Dataset content

>>>

(* Let $\mathbb{K}$ be a field with $\mathbb{Q}\subseteq\mathbb{K}\subseteq\mathbb{C}$, and let $n\ge 1$. Suppose the complex numbers $x_1,\dots,x_n$ and $y_1,\dots,y_n$ satisfy the system $$f_j(x_1,\dots,x_n,y_1,\dots,y_n)=0\qquad(j=1,\dots,n)$$ for some polynomials $f_j(X_1,\dots,X_n,Y_1,\dots,Y_n)\in\mathbb{K}[X_1,\dots,X_n,Y_1,\dots,Y_n]$, $j=1,\dots,n$. If $x_1,\dots,x_n$ are algebraically independent over $\mathbb{K}$ and $$\det\Big(\frac{\partial f_j}{\partial X_i}(x_1,\dots,x_n,y_1,\dots,y_n)\Big)_{1\le i,j\le n}\neq 0,$$ then $y_1,\dots,y_n$ are algebraically independent over $\mathbb{K}$.
   Context: In the Jacobian matrix, $j$ indexes rows and $i$ indexes columns (the determinant is of an $n\times n$ matrix). *)

theory Defs
  imports Complex_Main "HOL-Library.Poly_Mapping" "Jordan_Normal_Form.Determinant"
begin

type_synonym 'v mpoly_c = "('v \<Rightarrow>\<^sub>0 nat) \<Rightarrow>\<^sub>0 complex"

definition coeffs_in :: "complex set \<Rightarrow> 'v mpoly_c \<Rightarrow> bool" where
  "coeffs_in K p \<longleftrightarrow> (\<forall>m. Poly_Mapping.lookup p m \<in> K)"

definition mvars :: "'v mpoly_c \<Rightarrow> 'v set" where
  "mvars p = \<Union> (Poly_Mapping.keys ` Poly_Mapping.keys p)"

definition mpeval :: "'v mpoly_c \<Rightarrow> ('v \<Rightarrow> complex) \<Rightarrow> complex" where
  "mpeval p a = (\<Sum>m\<in>Poly_Mapping.keys p. Poly_Mapping.lookup p m * (\<Prod>v\<in>Poly_Mapping.keys m. a v ^ Poly_Mapping.lookup m v))"

definition mpderiv :: "'v \<Rightarrow> 'v mpoly_c \<Rightarrow> 'v mpoly_c" where
  "mpderiv v p = Abs_poly_mapping
     (\<lambda>m. of_nat (Poly_Mapping.lookup m v + 1) * Poly_Mapping.lookup p (m + Poly_Mapping.single v 1))"

definition is_subfield_C :: "complex set \<Rightarrow> bool" where
  "is_subfield_C K \<longleftrightarrow> 0 \<in> K \<and> 1 \<in> K \<and>
     (\<forall>a\<in>K. \<forall>b\<in>K. a + b \<in> K \<and> a * b \<in> K) \<and>
     (\<forall>a\<in>K. - a \<in> K) \<and> (\<forall>a\<in>K. a \<noteq> 0 \<longrightarrow> inverse a \<in> K)"

definition alg_indep :: "complex set \<Rightarrow> nat \<Rightarrow> (nat \<Rightarrow> complex) \<Rightarrow> bool" where
  "alg_indep K n z \<longleftrightarrow>
     (\<forall>p :: nat mpoly_c. coeffs_in K p \<and> mvars p \<subseteq> {..<n} \<and> mpeval p z = 0 \<longrightarrow> p = 0)"

end

theory Submission
  imports Defs "HOL-Computational_Algebra.Polynomial"
begin

text \<open>
  For a subring \<open>E \<subseteq> \<complex>\<close> containing \<open>K\<close>, call a map \<open>D\<close> a \<open>K\<close>-derivation on \<open>E\<close> if it is additive,
  satisfies Leibniz' rule and kills \<open>K\<close>. Adjoining one element at a time, such derivations can always
  be extended, with arbitrary prescribed value on a transcendental element. Since \<open>x\<^sub>1,\<dots>,x\<^sub>n\<close> are
  algebraically independent, this yields for every \<open>i\<close> a \<open>K\<close>-derivation \<open>D\<^sub>i\<close> defined on all \<open>x\<^sub>l, y\<^sub>k\<close>
  with \<open>D\<^sub>i x\<^sub>l = \<delta>\<^sub>i\<^sub>l\<close>. Applying \<open>D\<^sub>i\<close> to \<open>f\<^sub>j(x, y) = 0\<close> gives, by the chain rule,
  \<open>\<partial>f\<^sub>j/\<partial>X\<^sub>i = - \<Sum>\<^sub>k \<partial>f\<^sub>j/\<partial>Y\<^sub>k \<cdot> D\<^sub>i y\<^sub>k\<close>, so the Jacobian factors through the matrix \<open>(D\<^sub>i y\<^sub>k)\<close>, which is
  therefore nonsingular. Finally, if a nonzero \<open>P\<close> over \<open>K\<close> vanished at \<open>y\<close>, take one of least size;
  applying all \<open>D\<^sub>i\<close> to \<open>P(y) = 0\<close> and inverting \<open>(D\<^sub>i y\<^sub>k)\<close> shows that every \<open>\<partial>P/\<partial>Y\<^sub>k\<close> vanishes at \<open>y\<close>,
  so by minimality \<open>P\<close> is constant, hence zero.
\<close>

section \<open>Subrings of the complex numbers and their derivations\<close>

definition subring_C :: "complex set \<Rightarrow> bool" where
  "subring_C E \<longleftrightarrow> 1 \<in> E \<and> (\<forall>a\<in>E. \<forall>b\<in>E. a + b \<in> E \<and> a * b \<in> E) \<and> (\<forall>a\<in>E. - a \<in> E)"

definition derivation_on :: "complex set \<Rightarrow> (complex \<Rightarrow> complex) \<Rightarrow> bool" where
  "derivation_on E D \<longleftrightarrow> (\<forall>a\<in>E. \<forall>b\<in>E. D (a + b) = D a + D b \<and> D (a * b) = a * D b + b * D a)"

<<<

To do
Using the listing above, state the count of lines that include "longrightarrow" and nothing else.

Output for this exercise
2